What We Need - Must Have

  • Hands-on CUDA kernel optimization experience (kernel hacking strongly preferred)
  • Strong grasp of GPU architecture — memory hierarchy, warp execution, synchronization
  • Proficient in C/C++ for high-performance systems
  • Experience in profiling and resolving GPU bottlenecks

What We Need - Nice to Have

  • Flash Attention or Transformer kernel optimization
  • Cutlass, Triton, Thrust, or CUB experience
  • Distributed/multi-GPU (NVLink, NCCL) background
  • Open-source GPU contributions or published research

Why Join

High ownership. Frontier research. Real production impact. A small, elite team is building the infrastructure that the next generation of AI runs on.

Key skills/competency

  • GPU CUDA Engineer
  • CUDA Kernel Optimization
  • GPU Architecture
  • C/C++
  • High-Performance Computing
  • Profiling and Debugging
  • PTX Assembly
  • Tensor Cores
  • Distributed Systems
  • AI Infrastructure

Skills & topics

  • GPU
  • CUDA
  • Engineer
  • AI
  • Machine Learning
  • Deep Learning
  • Optimization
  • C++
  • High Performance Computing
  • Kernel Development

How to get hired

  • Tailor your resume: Highlight CUDA kernel optimization and GPU architecture experience.
  • Showcase contributions: Emphasize open-source GPU library involvement or research.
  • Prepare for technical interviews: Be ready to discuss GPU profiling and C/C++ performance tuning.
  • Research Bespoke Labs: Understand their work in applied AI and RL environments.
  • Demonstrate problem-solving: Prepare examples of resolving GPU bottlenecks.

Technical preparation

Master CUDA kernel optimization techniques.,Deep dive into GPU architecture specifics.,Practice C/C++ high-performance coding.,Study profiling tools like Nsight Systems.

Behavioral questions

Describe a challenging GPU optimization problem.,How do you debug complex kernel issues?,Tell me about your experience with ML frameworks.,How do you stay updated on GPU advancements?

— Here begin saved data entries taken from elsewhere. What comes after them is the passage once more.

text \<open>The quotient q^(n+1) / q^m stands for q^(n+1-m), whose exponent may be negative.\<close>

lemma qbinomial_alternating_sum:
  fixes q :: complex
  assumes "q \<noteq> 0" and nz: "\<And>j. qpoch q j \<noteq> 0"
  shows "(\<Sum>j\<le>m. qbinomial q m j * (-1) ^ j * q ^ (j choose 2) * (q ^ (n + 1) / q ^ m) ^ j)
       = (if m \<le> n then qpoch q n / qpoch q (n - m) else 0)"
proof -
  have "(\<Prod>i<m. 1 - (q ^ (n + 1) / q ^ m) * q ^ i) = (if m \<le> n then qpoch q n / qpoch q (n - m) else 0)"
    (is "?P = _")
  proof (cases "m \<le> n")
    case True
    have "q ^ (n - m + 1 + i) * q ^ m = q ^ (n + 1) * q ^ i" for i
      using True by (simp flip: power_add)
    then have "?P = (\<Prod>i<m. 1 - q ^ (n - m + 1 + i))"
      using assms by (intro prod.cong) (simp_all add: field_simps)
    moreover have "qpoch q n = qpoch q (n - m) * (\<Prod>i<m. 1 - q ^ (n - m + 1 + i))"
      using qpoch_add[of q "n - m" m] True by simp
    ultimately show ?thesis using True nz[of "n - m"] by (simp add: field_simps)
  next
    case False
    then have "n + 1 + (m - n - 1) = m" by simp
    then have "q ^ (n + 1) * q ^ (m - n - 1) = q ^ m"
      by (metis power_add)
    then have "1 - (q ^ (n + 1) / q ^ m) * q ^ (m - n - 1) = 0"
      using assms by (simp add: field_simps)
    then have "?P = 0"
      using False by (intro prod_zero) (auto intro!: bexI[of _ "m - n - 1"])
    then show ?thesis using False by simp
  qed
  then show ?thesis unfolding rothe_qbinomial[OF nz] .
qed

lemma sum_antidiagonal_reindex:
  fixes f :: "nat \<Rightarrow> nat \<Rightarrow> 'a::comm_monoid_add"
  shows "(\<Sum>k\<le>L. \<Sum>j\<le>L - k. f k j) = (\<Sum>m\<le>L. \<Sum>j\<le>m. f (m - j) j)"
proof -
  have "(\<Sum>k\<le>L. \<Sum>j\<le>L - k. f k j) = (\<Sum>(k, j)\<in>Sigma {..L} (\<lambda>k. {..L - k}). f k j)"
    by (simp add: sum.Sigma)
  also have "\<dots> = (\<Sum>(m, j)\<in>Sigma {..L} (\<lambda>m. {..m}). f (m - j) j)"
    by (rule sum.reindex_bij_witness[of _ "\<lambda>(m, j). (m - j, j)" "\<lambda>(k, j). (k + j, j)"]) auto
  also have "\<dots> = (\<Sum>m\<le>L. \<Sum>j\<le>m. f (m - j) j)"
    by (simp add: sum.Sigma)
  finally show ?thesis .
qed

lemma qbinomial_mult_power_regroup:
  fixes q :: complex
  assumes "q \<noteq> 0" and nz: "\<And>j. qpoch q j \<noteq> 0" and "k + j \<le> L"
  shows "q ^ (k\<^sup>2 + a * k) * qbinomial q L k * qbinomial q (L - k) j * (q ^ (n + a + k + 1)) ^ j
       = qbinomial q L (k + j) * qbinomial q (k + j) j * q ^ ((k + j)\<^sup>2 + a * (k + j))
         * (q ^ (n + 1) / q ^ (k + j)) ^ j"
proof -
  have "q ^ (k\<^sup>2 + a * k) * (q ^ (n + a + k + 1)) ^ j * (q ^ (k + j)) ^ j
      = q ^ (k\<^sup>2 + a * k + (n + a + k + 1) * j + (k + j) * j)"
    by (simp only: power_add power_mult)
  also have "k\<^sup>2 + a * k + (n + a + k + 1) * j + (k + j) * j = (k + j)\<^sup>2 + a * (k + j) + (n + 1) * j"
    by (simp add: power2_eq_square algebra_simps)
  also have "q ^ \<dots> = q ^ ((k + j)\<^sup>2 + a * (k + j)) * (q ^ (n + 1)) ^ j"
    by (simp only: power_add power_mult)
  finally have "q ^ (k\<^sup>2 + a * k) * (q ^ (n + a + k + 1)) ^ j * (q ^ (k + j)) ^ j
      = q ^ ((k + j)\<^sup>2 + a * (k + j)) * (q ^ (n + 1)) ^ j" .
  then have powers: "q ^ (k\<^sup>2 + a * k) * (q ^ (n + a + k + 1)) ^ j
      = q ^ ((k + j)\<^sup>2 + a * (k + j)) * (q ^ (n + 1) / q ^ (k + j)) ^ j"
    using assms(1) by (simp add: power_divide field_simps)
  have "q ^ (k\<^sup>2 + a * k) * qbinomial q L k * qbinomial q (L - k) j * (q ^ (n + a + k + 1)) ^ j
      = (qbinomial q L k * qbinomial q (L - k) j) * (q ^ (k\<^sup>2 + a * k) * (q ^ (n + a + k + 1)) ^ j)"
    by (simp only: ac_simps)
  also have "\<dots> = (qbinomial q L (k + j) * qbinomial q (k + j) j)
      * (q ^ ((k + j)\<^sup>2 + a * (k + j)) * (q ^ (n + 1) / q ^ (k + j)) ^ j)"
    by (simp only: qbinomial_mult[OF nz assms(3)] powers)
  finally show ?thesis
    by (simp only: ac_simps)
qed

lemma qpoch_mult_sum_qbinomial:
  fixes q :: complex
  assumes q0: "q \<noteq> 0" and nz: "\<And>j. qpoch q j \<noteq> 0"
  shows "qpoch q (n + a + L) * (\<Sum>k\<le>L. q ^ (k\<^sup>2 + a * k) * qbinomial q L k / qpoch q (n + a + k))
       = (\<Sum>m\<le>n. qbinomial q L m * q ^ (m\<^sup>2 + a * m) * qpoch q n / qpoch q (n - m))"
proof -
  define f where "f k j = q ^ (k\<^sup>2 + a * k) * qbinomial q L k * qbinomial q (L - k) j
    * (q ^ (n + a + k + 1)) ^ j * ((-1) ^ j * q ^ (j choose 2))" for k j
  have expand: "qpoch q (n + a + L) / qpoch q (n + a + k)
      = (\<Sum>j\<le>L - k. qbinomial q (L - k) j * (-1) ^ j * q ^ (j choose 2) * (q ^ (n + a + k + 1)) ^ j)"
    if "k \<le> L" for k
    using qpoch_add_div_qpoch[OF nz, of "n + a + k" "L - k"] that by (simp add: add.assoc)
  have regroup: "f (m - j) j = qbinomial q L m * q ^ (m\<^sup>2 + a * m) *
      (qbinomial q m j * (-1) ^ j * q ^ (j choose 2) * (q ^ (n + 1) / q ^ m) ^ j)"
    if "j \<le> m" "m \<le> L" for m j
    using qbinomial_mult_power_regroup[OF q0 nz, of "m - j" j L a n] that
    by (simp add: f_def mult_ac)
  have "qpoch q (n + a + L) * (\<Sum>k\<le>L. q ^ (k\<^sup>2 + a * k) * qbinomial q L k / qpoch q (n + a + k))
      = (\<Sum>k\<le>L. q ^ (k\<^sup>2 + a * k) * qbinomial q L k * (qpoch q (n + a + L) / qpoch q (n + a + k)))"
    by (simp add: sum_distrib_left mult_ac)
  also have "\<dots> = (\<Sum>k\<le>L. \<Sum>j\<le>L - k. f k j)"
    by (intro sum.cong refl) (simp add: expand f_def sum_distrib_left mult_ac)
  also have "\<dots> = (\<Sum>m\<le>L. \<Sum>j\<le>m. f (m - j) j)"
    by (rule sum_antidiagonal_reindex)
  also have "\<dots> = (\<Sum>m\<le>L. qbinomial q L m * q ^ (m\<^sup>2 + a * m) *
      (\<Sum>j\<le>m. qbinomial q m j * (-1) ^ j * q ^ (j choose 2) * (q ^ (n + 1) / q ^ m) ^ j))"
    by (intro sum.cong refl) (simp add: regroup sum_distrib_left)
  also have "\<dots> = (\<Sum>m\<le>L. qbinomial q L m * q ^ (m\<^sup>2 + a * m) *
      (if m \<le> n then qpoch q n / qpoch q (n - m) else 0))"
    by (simp only: qbinomial_alternating_sum[OF q0 nz])
  also have "\<dots> = (\<Sum>m\<le>L + n. qbinomial q L m * q ^ (m\<^sup>2 + a * m) *
      (if m \<le> n then qpoch q n / qpoch q (n - m) else 0))"
    by (rule sum.mono_neutral_left) auto
  also have "\<dots> = (\<Sum>m\<le>n. qbinomial q L m * q ^ (m\<^sup>2 + a * m) * qpoch q n / qpoch q (n - m))"
    by (rule sum.mono_neutral_cong_right) auto
  finally show ?thesis .
qed

context
  fixes q :: complex
  assumes q_pos: "0 < norm q" and q_lt_1: "norm q < 1"
begin

lemma q_power_neq_1: "0 < i \<Longrightarrow> q ^ i \<noteq> 1"
  using q_lt_1 power_less_one_iff[of "norm q" i] by (auto simp flip: norm_power)

lemma qpoch_nonzero: "qpoch q j \<noteq> 0"
  using q_power_neq_1 by (auto simp: qpoch_def)

lemma convergent_prod_qpoch: "convergent_prod (\<lambda>i. 1 - q ^ (i + 1))"
proof -
  have "convergent_prod (\<lambda>i. 1 + - (q ^ (i + 1)))"
  proof (rule summable_imp_convergent_prod_complex)
    show "summable (\<lambda>i. norm (- (q ^ (i + 1))))"
      using q_lt_1 by (simp add: norm_mult norm_power)
    show "- (q ^ (i + 1)) \<noteq> -1" for i
      using q_power_neq_1[of "i + 1"] by simp
  qed
  then show ?thesis by simp
qed

lemma qpoch_inf_nonzero: "qpoch_inf q \<noteq> 0"
proof -
  have "1 - q ^ (i + 1) \<noteq> 0" for i
    using q_power_neq_1[of "i + 1"] by simp
  then show ?thesis
    unfolding qpoch_inf_def by (intro prodinf_nonzero convergent_prod_qpoch)
qed

lemma qpoch_tendsto: "qpoch q \<longlonglongrightarrow> qpoch_inf q"
proof (rule LIMSEQ_imp_Suc)
  have "qpoch q (Suc L) = (\<Prod>i\<le>L. 1 - q ^ (i + 1))" for L
    unfolding qpoch_def
    by (simp add: atMost_atLeast0 prod.shift_bounds_cl_Suc_ivl del: prod.cl_ivl_Suc)
  then show "(\<lambda>L. qpoch q (Suc L)) \<longlonglongrightarrow> qpoch_inf q"
    unfolding qpoch_inf_def by (simp only: convergent_prod_LIMSEQ[OF convergent_prod_qpoch])
qed

lemma qpoch_tendsto_shift: "(\<lambda>L. qpoch q (c + L)) \<longlonglongrightarrow> qpoch_inf q"
  using LIMSEQ_ignore_initial_segment[OF qpoch_tendsto, of c] by (simp add: add.commute)
(* Assume $p>2$. Let $\phi$ be a quasilinear $p$-form over $F$ with $1\in D(\phi)$ and let $L$ be a field extension of $F$. Suppose there exist a polynomial $P\in F^p[T]$ in one variable with $2\le\deg P<p$ and an element $\alpha\in D(\phi_L)\setminus\{0\}$ such that $\alpha P(b)\in D(\phi_L)$ for all $b\in D(\phi)$. Then $(\phi_L)_{an}$ is a quasi-Pfister $p$-form.
   Context: Let $p$ be a prime and $F$ a field of characteristic $p$; $F^p=\{x^p:x\in F\}$. A quasilinear $p$-form over a field $K$ of characteristic $p$ is a map $\phi\colon V\to K$ on a nonzero finite-dimensional $K$-vector space, homogeneous of degree $p$ and additive; equivalently $\phi\simeq\langle a_1,\dots,a_n\rangle\colon(\lambda_i)\mapsto\sum a_i\lambda_i^p$. $D(\phi)=\{\phi(v)\}$; $\phi_L$ is the scalar extension. $\phi_{an}$ is the unique (up to isomorphism) anisotropic form (no nonzero isotropic vectors) with $D(\phi_{an})=D(\phi)$. An $n$-fold quasi-Pfister $p$-form is $\bigotimes_{i=1}^n\langle1,a_i,\dots,a_i^{p-1}\rangle$ ($n\ge0$, 0-fold: $\langle1\rangle$). *)

theory Defs
  imports "HOL-Computational_Algebra.Polynomial"
begin

text \<open>The ambient field L is a type 'a :: field; the base field F is a subfield
  of L, given as a subset. A quasilinear p-form is represented in diagonal form
  by its (nonempty) list of coefficients a = [a_1,...,a_n]; a vector is a function
  v :: nat => 'a of which only the entries v 0, ..., v (n-1) matter.\<close>

definition is_subfield :: "'a::field set \<Rightarrow> bool" where
  "is_subfield F \<longleftrightarrow> 0 \<in> F \<and> 1 \<in> F \<and>
     (\<forall>x\<in>F. \<forall>y\<in>F. x + y \<in> F \<and> x * y \<in> F) \<and>
     (\<forall>x\<in>F. - x \<in> F) \<and> (\<forall>x\<in>F. x \<noteq> 0 \<longrightarrow> inverse x \<in> F)"

definition qf_val :: "nat \<Rightarrow> 'a::field list \<Rightarrow> (nat \<Rightarrow> 'a) \<Rightarrow> 'a" where
  "qf_val p a v = (\<Sum>i<length a. a ! i * v i ^ p)"

text \<open>D(phi) over a field K (K a subfield of the ambient field): the set of values
  on vectors with entries in K. For the form over F use K = F, for the scalar
  extension phi_L use K = UNIV.\<close>
definition qf_D :: "'a::field set \<Rightarrow> nat \<Rightarrow> 'a list \<Rightarrow> 'a set" where
  "qf_D K p a = {qf_val p a v | v. \<forall>i<length a. v i \<in> K}"

definition is_qform :: "'a::field set \<Rightarrow> 'a list \<Rightarrow> bool" where
  "is_qform K a \<longleftrightarrow> a \<noteq> [] \<and> set a \<subseteq> K"

definition qf_anisotropic :: "'a::field set \<Rightarrow> nat \<Rightarrow> 'a list \<Rightarrow> bool" where
  "qf_anisotropic K p a \<longleftrightarrow>
     (\<forall>v. (\<forall>i<length a. v i \<in> K) \<longrightarrow> qf_val p a v = 0 \<longrightarrow> (\<forall>i<length a. v i = 0))"

definition mat_app :: "nat \<Rightarrow> (nat \<Rightarrow> nat \<Rightarrow> 'a::field) \<Rightarrow> (nat \<Rightarrow> 'a) \<Rightarrow> nat \<Rightarrow> 'a" where
  "mat_app n M v = (\<lambda>i. \<Sum>j<n. M i j * v j)"

definition qf_iso :: "nat \<Rightarrow> 'a::field list \<Rightarrow> 'a list \<Rightarrow> bool" where
  "qf_iso p a b \<longleftrightarrow> length a = length b \<and>
     (\<exists>M N. (\<forall>v. \<forall>i<length a. mat_app (length a) N (mat_app (length a) M v) i = v i) \<and>
            (\<forall>v. \<forall>i<length a. mat_app (length a) M (mat_app (length a) N v) i = v i) \<and>
            (\<forall>v. qf_val p b (mat_app (length a) M v) = qf_val p a v))"

definition qf_tensor :: "'a::field list \<Rightarrow> 'a list \<Rightarrow> 'a list" where
  "qf_tensor a b = concat (map (\<lambda>x. map (\<lambda>y. x * y) b) a)"

fun qpfister :: "nat \<Rightarrow> 'a::field list \<Rightarrow> 'a list" where
  "qpfister p [] = [1]"
| "qpfister p (c # cs) = qf_tensor (map (\<lambda>j. c ^ j) [0..<p]) (qpfister p cs)"

definition is_quasi_pfister :: "nat \<Rightarrow> 'a::field list \<Rightarrow> bool" where
  "is_quasi_pfister p a \<longleftrightarrow> (\<exists>cs. qf_iso p a (qpfister p cs))"

end

theory Submission
  imports Defs "HOL-Algebra.Embedded_Algebras" "HOL-Computational_Algebra.Computational_Algebra"
begin

hide_const (open) up_ring.coeff up_ring.monom module.smult

text \<open>
  Let \<open>V = D(\<phi>\<^sub>L)\<close>, an \<open>L\<^sup>p\<close>-subspace of \<open>L\<close> containing \<open>1\<close>. Replacing a polynomial \<open>Q\<close> by the
  finite difference \<open>Q(X + h) - Q(X)\<close> with \<open>h \<in> D(\<phi>)\<close> preserves the hypothesis on \<open>P\<close>;
  differencing \<open>P\<close> down to degree 2 and then with steps \<open>x, y \<in> D(\<phi>)\<close> leaves the constant
  \<open>d! lc(P) x y\<close>, and as \<open>d < p\<close> the factor \<open>d! lc(P)\<close> is a nonzero \<open>p\<close>-th power. Hence
  \<open>\<alpha> x y \<in> V\<close>, and by \<open>L\<^sup>p\<close>-bilinearity \<open>\<alpha> X Y \<in> V\<close> for all \<open>X, Y \<in> V\<close>. Since \<open>p\<close> is odd,
  iterating yields \<open>\<alpha>\<^sup>p X Y \<in> V\<close>, so \<open>V\<close> is a field.

  A field \<open>K\<close> with \<open>L\<^sup>p \<subseteq> K \<subseteq> L\<close> of finite \<open>L\<^sup>p\<close>-dimension is the value set of an anisotropic
  quasi-Pfister form: if \<open>W \<supseteq> L\<^sup>p\<close> is a subfield and \<open>c \<notin> W\<close>, then \<open>1, c, \<dots>, c\<^sup>p\<^sup>-\<^sup>1\<close> are
  \<open>W\<close>-independent, so adjoining such elements one at a time builds the form. Finally, anisotropic
  forms with the same value set are isometric, both being \<open>L\<^sup>p\<close>-bases of that set.
\<close>

lemma is_subfield_UNIV: "is_subfield UNIV"
  by (simp add: is_subfield_def)

lemma is_subfieldD:
  assumes "is_subfield W"
  shows "0 \<in> W" "1 \<in> W" "x \<in> W \<Longrightarrow> y \<in> W \<Longrightarrow> x + y \<in> W" "x \<in> W \<Longrightarrow> y \<in> W \<Longrightarrow> x * y \<in> W"
    "x \<in> W \<Longrightarrow> - x \<in> W" "x \<in> W \<Longrightarrow> inverse x \<in> W"
  using assms unfolding is_subfield_def by (auto simp: inverse_eq_divide)

lemma is_subfield_diff:
  assumes "is_subfield W" and "x \<in> W" and "y \<in> W"
  shows "x - y \<in> W"
  using is_subfieldD(3)[OF assms(1,2) is_subfieldD(5)[OF assms(1,3)]] by simp

lemma of_nat_in_subfield: "is_subfield W \<Longrightarrow> of_nat n \<in> W"
  by (induction n) (auto simp: is_subfield_def)

lemma is_subfield_power: "is_subfield W \<Longrightarrow> x \<in> W \<Longrightarrow> x ^ n \<in> W"
  by (induction n) (simp_all add: is_subfieldD)

lemma is_subfield_sum: "is_subfield W \<Longrightarrow> (\<And>i. i \<in> A \<Longrightarrow> f i \<in> W) \<Longrightarrow> sum f A \<in> W"
  by (induction A rule: infinite_finite_induct) (simp_all add: is_subfieldD)

lemma qf_val_cong: "(\<And>i. i < length a \<Longrightarrow> v i = u i) \<Longrightarrow> qf_val p a v = qf_val p a u"
  unfolding qf_val_def by (intro sum.cong) auto

lemma qf_val_scale: "qf_val p a (\<lambda>i. y * v i) = y ^ p * qf_val p a v"
  unfolding qf_val_def by (simp add: sum_distrib_left power_mult_distrib algebra_simps)

lemma qf_val_unit_vector:
  assumes "p > 0" and "i < length a"
  shows "qf_val p a (\<lambda>j. if j = i then 1 else 0) = a ! i"
proof -
  have "qf_val p a (\<lambda>j. if j = i then 1 else 0) = (\<Sum>j<length a. if j = i then a ! j else 0)"
    unfolding qf_val_def using assms(1) by (intro sum.cong) auto
  then show ?thesis using assms(2) by simp
qed

lemma qf_D_mono: "K \<subseteq> K' \<Longrightarrow> qf_D K p a \<subseteq> qf_D K' p a"
  unfolding qf_D_def by blast

lemma nth_in_qf_D:
  assumes "is_subfield K" and "p > 0" and "i < length a"
  shows "a ! i \<in> qf_D K p a"
  unfolding qf_D_def using assms qf_val_unit_vector[OF assms(2,3)]
  by (intro CollectI exI[of _ "\<lambda>j. if j = i then 1 else 0"]) (auto simp: is_subfield_def)

lemma zero_in_qf_D:
  assumes "is_subfield K" and "p > 0"
  shows "0 \<in> qf_D K p a"
  unfolding qf_D_def using assms
  by (intro CollectI exI[of _ "\<lambda>_. 0"]) (auto simp: is_subfield_def qf_val_def power_0_left)

lemma qf_D_scale:
  assumes "is_subfield K" and "y \<in> K" and "x \<in> qf_D K p a"
  shows "y ^ p * x \<in> qf_D K p a"
proof -
  obtain v where "x = qf_val p a v" and "\<forall>i<length a. v i \<in> K"
    using assms(3) by (auto simp: qf_D_def)
  then show ?thesis
    unfolding qf_D_def using assms(1,2) qf_val_scale[of p a y v]
    by (intro CollectI exI[of _ "\<lambda>i. y * v i"]) (auto simp: is_subfield_def)
qed

context
  fixes p :: nat
  assumes prime_p: "prime p" and char_p: "CHAR('a::field) = p"
begin

lemma qf_val_add: "qf_val p a (\<lambda>i. v i + u i) = qf_val p a v + qf_val p (a::'a list) u"
proof -
  have "(x + y) ^ p = x ^ p + y ^ p" for x y :: 'a
    by (rule freshmans_dream) (use prime_p char_p in auto)
  then show ?thesis
    unfolding qf_val_def by (simp add: distrib_left sum.distrib)
qed

lemma qf_val_diff: "qf_val p a (\<lambda>i. v i - u i) = qf_val p a v - qf_val p (a::'a list) u"
  using qf_val_add[of a "\<lambda>i. v i - u i" u] by simp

Frequently asked questions

What kind of CUDA optimization experience is Bespoke Labs looking for in a GPU CUDA Engineer?
Bespoke Labs is seeking hands-on CUDA kernel optimization experience, with a strong preference for 'kernel hacking'. This means a deep understanding of writing and fine-tuning CUDA kernels for performance, particularly for AI workloads like GEMM, attention, and MoE operations.
How important is knowledge of specific GPU hardware like Hopper or Blackwell for this role?
While not strictly required, proficiency with architecture-specific techniques for Hopper/Blackwell hardware is a significant advantage. Understanding how to leverage these modern architectures, including PTX assembly, is key to maximizing performance.
What ML frameworks will I integrate CUDA kernels into as a GPU CUDA Engineer at Bespoke Labs?
As a GPU CUDA Engineer, you will integrate optimized kernels into popular machine learning frameworks such as PyTorch, vLLM, Megatron, and TorchTitan. This ensures that the high-performance kernels directly benefit the AI systems being developed.
Does Bespoke Labs encourage contributions to open-source GPU projects?
Yes, Bespoke Labs values and encourages contributions to open-source GPU libraries. Experience with or a desire to contribute to projects like Cutlass, Triton, Thrust, or CUB is considered a plus.
What kind of impact can a GPU CUDA Engineer have at Bespoke Labs?
As a GPU CUDA Engineer, you'll have high ownership and direct impact on frontier AI research and production systems. You will be building the core infrastructure that the next generation of AI runs on, working within a small, elite team.
Is this GPU CUDA Engineer role remote or on-site?
The job description indicates the company is located in Mountain View, CA, and does not explicitly state a remote work arrangement. Therefore, it is likely an on-site or potentially hybrid role based in that location.